◆ Work task:
Your answer must be every line of the data that contains "real".

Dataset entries
(* Assume (A1)–(A4), let $x_1\in R\mathbb{B}$, and run the Algorithm with $\eta>0$ and $\rho\in[0,\epsilon]$. Then for every $t\in[T]$ with $t<T$, $$\mathrm{dist}(x_{t+1},\mathcal{X}_\rho)\le\sqrt{\gamma}\,\mathrm{dist}(x_t,\mathcal{X}_\rho)+\eta G_f .$$ Consequently, for all such $t$, $$\mathrm{dist}(x_{t+1},\mathcal{X}_\rho)\le\gamma^{t/2}\,\mathrm{dist}(x_1,\mathcal{X}_\rho)+\frac{\eta G_f}{1-\sqrt{\gamma}} .$$
   Context: Let $d,T$ be positive integers and $[T]=\{1,\dots,T\}$. Write $\|\cdot\|$ for the Euclidean norm and $\mathbb{B}=\{x\in\mathbb{R}^d:\|x\|\le1\}$. For a closed convex set $\mathcal{Y}$, $\Pi_{\mathcal{Y}}$ is the Euclidean projection onto $\mathcal{Y}$ and $\mathrm{dist}(z,\mathcal{Y})=\min_{y\in\mathcal{Y}}\|z-y\|$. For $a\in\mathbb{R}$, $[a]_+=\max(a,0)$. Let $g:\mathbb{R}^d\to\mathbb{R}$ be convex with subdifferential $\partial g(x)$. Set $\mathcal{X}=\{x:g(x)\le0\}$, and for $\rho\ge0$ set $\mathcal{X}_\rho=\{x:g(x)\le-\rho\}$. Assumptions: (A1) there is $R>0$ with $\mathcal{X}\subseteq R\mathbb{B}$; (A2) $f_1,\dots,f_T:\mathbb{R}^d\to\mathbb{R}$ are convex and differentiable, and there is $G_f>0$ with $\|\nabla f_t(x)\|\le G_f$ for all $x\in R\mathbb{B}$ and all $t\in[T]$; (A3) there is $G_g>0$ with $\|s\|\le G_g$ for all $s\in\partial g(x)$ and all $x\in R\mathbb{B}$; (A4) there are $\sigma,\epsilon>0$ such that $\mathcal{X}'=\{x:g(x)=-\epsilon\}$ is nonempty and $\|s\|\ge\sigma$ for all $s\in\partial g(x)$ and all $x\in\mathcal{X}'$. Algorithm (OGD with Polyak feasibility steps). Inputs are $x_1\in\mathbb{R}^d$, $\eta>0$ and $\rho\ge0$. For $t=1,\dots,T$: - play $x_t$ and then receive $f_t$; the functions may be chosen adversarially and may depend on past actions; - query $g_t=g(x_t)$ and some $s_t\in\partial g(x_t)$; - set $y_t=x_t-\eta\nabla f_t(x_t)$; - if $s_t\ne0$, set $x_{t+1}=\Pi_{R\mathbb{B}}\big(y_t-\frac{[g_t+s_t^\top(y_t-x_t)+\rho]_+}{\|s_t\|^2}s_t\big)$; if $s_t=0$, set $x_{t+1}=\Pi_{R\mathbb{B}}(y_t)$. Also $\gamma=1-\sigma^2/G_g^2$. *)

theory Defs
  imports "HOL-Analysis.Analysis"
begin

definition subdiff :: "('a::real_inner \<Rightarrow> real) \<Rightarrow> 'a \<Rightarrow> 'a set" where
  "subdiff g x = {s. \<forall>y. g y \<ge> g x + inner s (y - x)}"

definition polyak_step ::
  "real \<Rightarrow> real \<Rightarrow> real \<Rightarrow> ('a::euclidean_space \<Rightarrow> real) \<Rightarrow> 'a \<Rightarrow> 'a \<Rightarrow> 'a \<Rightarrow> 'a" where
  "polyak_step R eta rho g s grad xt =
     (let y = xt - eta *\<^sub>R grad in
      if s \<noteq> 0
      then closest_point (cball 0 R)
             (y - (max (g xt + inner s (y - xt) + rho) 0 / (norm s)\<^sup>2) *\<^sub>R s)
      else closest_point (cball 0 R) y)"

end

theory Submission
  imports Defs
begin

(*
  The feasibility part of the step is the projection onto the halfspace cut out by the
  linearisation of g at x, shifted by \<rho>; by the subgradient inequality this halfspace contains
  the sublevel set X_\<rho>. A halfspace projection is nonexpansive, and it decreases the squared
  distance from x to any point of X_\<rho> by at least ([g x + \<rho>]_+ / G_g)^2. Sharpness at level -\<epsilon>
  gives the error bound \<sigma> dist(x, X_\<rho>) \<le> [g x + \<rho>]_+: a subgradient at the projection of x
  onto X_\<epsilon> can be chosen normal to X_\<epsilon>, so g grows at rate at least \<sigma> along the segment back
  to x. Hence the squared distance contracts by the factor \<gamma>, while the gradient step and the
  projection onto the ball of radius R, which contains X_\<rho>, add at most \<eta> G_f. Unrolling this
  recursion gives the geometric bound.
*)

lemma closed_sublevel_convex_on:
  fixes g :: "'a::euclidean_space \<Rightarrow> real"
  assumes "convex_on UNIV g"
  shows "closed {z. g z \<le> c}"
  using closed_Collect_le[OF convex_on_continuous[OF open_UNIV assms] continuous_on_const] .

lemma convex_sublevel_convex_on:
  assumes "convex_on UNIV g"
  shows "convex {z. g z \<le> c}"
  unfolding convex_alt
proof (intro ballI allI impI)
  fix x y and u :: real
  assume "x \<in> {z. g z \<le> c}" "y \<in> {z. g z \<le> c}" and u: "0 \<le> u \<and> u \<le> 1"
  then have "(1 - u) * g x + u * g y \<le> (1 - u) * c + u * c"
    by (intro add_mono mult_left_mono) auto
  then show "(1 - u) *\<^sub>R x + u *\<^sub>R y \<in> {z. g z \<le> c}"
    using convex_onD[OF assms, of u x y] u by (simp add: algebra_simps)
qed

lemma convex_on_slope_across_hyperplane:
  fixes g :: "'a::real_inner \<Rightarrow> real"
  assumes cvx: "convex_on UNIV g"
    and on_hyperplane: "\<And>m. inner d m = b \<Longrightarrow> c \<le> g m"
    and z: "inner d z < b" and z': "b < inner d z'"
  shows "(g z - c) / (inner d z - b) \<le> (g z' - c) / (inner d z' - b)"
proof -
  define t where "t = (inner d z' - b) / (inner d z' - inner d z)"
  have t: "0 \<le> t" "t \<le> 1" using z z' by (auto simp: t_def field_simps)
  have t_scaled: "t * (inner d z' - inner d z) = inner d z' - b"
    using z z' by (simp add: t_def)
  then have one_minus_t_scaled: "(1 - t) * (inner d z' - inner d z) = b - inner d z"
    by (simp add: left_diff_distrib)
  define m where "m = (1 - t) *\<^sub>R z' + t *\<^sub>R z"
  have "inner d m = b"
    using t_scaled by (simp add: m_def algebra_simps)
  then have "c \<le> (1 - t) * g z' + t * g z"
    using on_hyperplane convex_onD[OF cvx t, of z' z] by (fastforce simp: m_def)
  then have "0 \<le> (1 - t) * (g z' - c) + t * (g z - c)"
    by (simp add: algebra_simps)
  then have "0 \<le> ((1 - t) * (g z' - c) + t * (g z - c)) * (inner d z' - inner d z)"
    using z z' by simp
  also have "\<dots> = ((1 - t) * (inner d z' - inner d z)) * (g z' - c)
      + (t * (inner d z' - inner d z)) * (g z - c)"
    by (simp add: algebra_simps)
  also have "\<dots> = (b - inner d z) * (g z' - c) + (inner d z' - b) * (g z - c)"
    unfolding t_scaled one_minus_t_scaled ..
  finally show ?thesis
    using z z' by (simp add: divide_simps) (simp add: algebra_simps)
qed

lemma convex_on_minorant_from_hyperplane:
  fixes g :: "'a::real_inner \<Rightarrow> real"
  assumes cvx: "convex_on UNIV g"
    and above: "\<And>z. b \<le> inner d z \<Longrightarrow> c \<le> g z"
    and w: "b < inner d w"
  obtains \<mu> where "0 \<le> \<mu>" "\<And>y. c + \<mu> * (inner d y - b) \<le> g y"
proof
  define slopes where "slopes = (\<lambda>z. (g z - c) / (inner d z - b)) ` {z. b < inner d z}"
  have ne: "slopes \<noteq> {}" using w by (auto simp: slopes_def)
  have nonneg: "\<forall>r\<in>slopes. 0 \<le> r" using above by (force simp: slopes_def)
  then have bdd: "bdd_below slopes" by (meson bdd_belowI)
  show "0 \<le> Inf slopes" using ne nonneg by (simp add: cInf_greatest)
  show "c + Inf slopes * (inner d y - b) \<le> g y" for y
  proof (cases "inner d y" b rule: linorder_cases)
    case less
    have "(g y - c) / (inner d y - b) \<le> Inf slopes"
      using convex_on_slope_across_hyperplane[OF cvx _ less] above
      by (intro cInf_greatest[OF ne]) (auto simp: slopes_def)
    with less show ?thesis by (simp add: divide_le_eq algebra_simps)
  next
    case equal
    then show ?thesis using above by simp
  next
    case greater
    have "Inf slopes \<le> (g y - c) / (inner d y - b)"
      using greater by (intro cInf_lower[OF _ bdd]) (auto simp: slopes_def)
    with greater show ?thesis by (simp add: le_divide_eq algebra_simps)
  qed
qed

◆ Your response:
definition subdiff :: "('a::real_inner \<Rightarrow> real) \<Rightarrow> 'a \<Rightarrow> 'a set" where
  "real \<Rightarrow> real \<Rightarrow> real \<Rightarrow> ('a::euclidean_space \<Rightarrow> real) \<Rightarrow> 'a \<Rightarrow> 'a \<Rightarrow> 'a \<Rightarrow> 'a" where
  fixes g :: "'a::euclidean_space \<Rightarrow> real"
  fix x y and u :: real
  fixes g :: "'a::real_inner \<Rightarrow> real"
  fixes g :: "'a::real_inner \<Rightarrow> real"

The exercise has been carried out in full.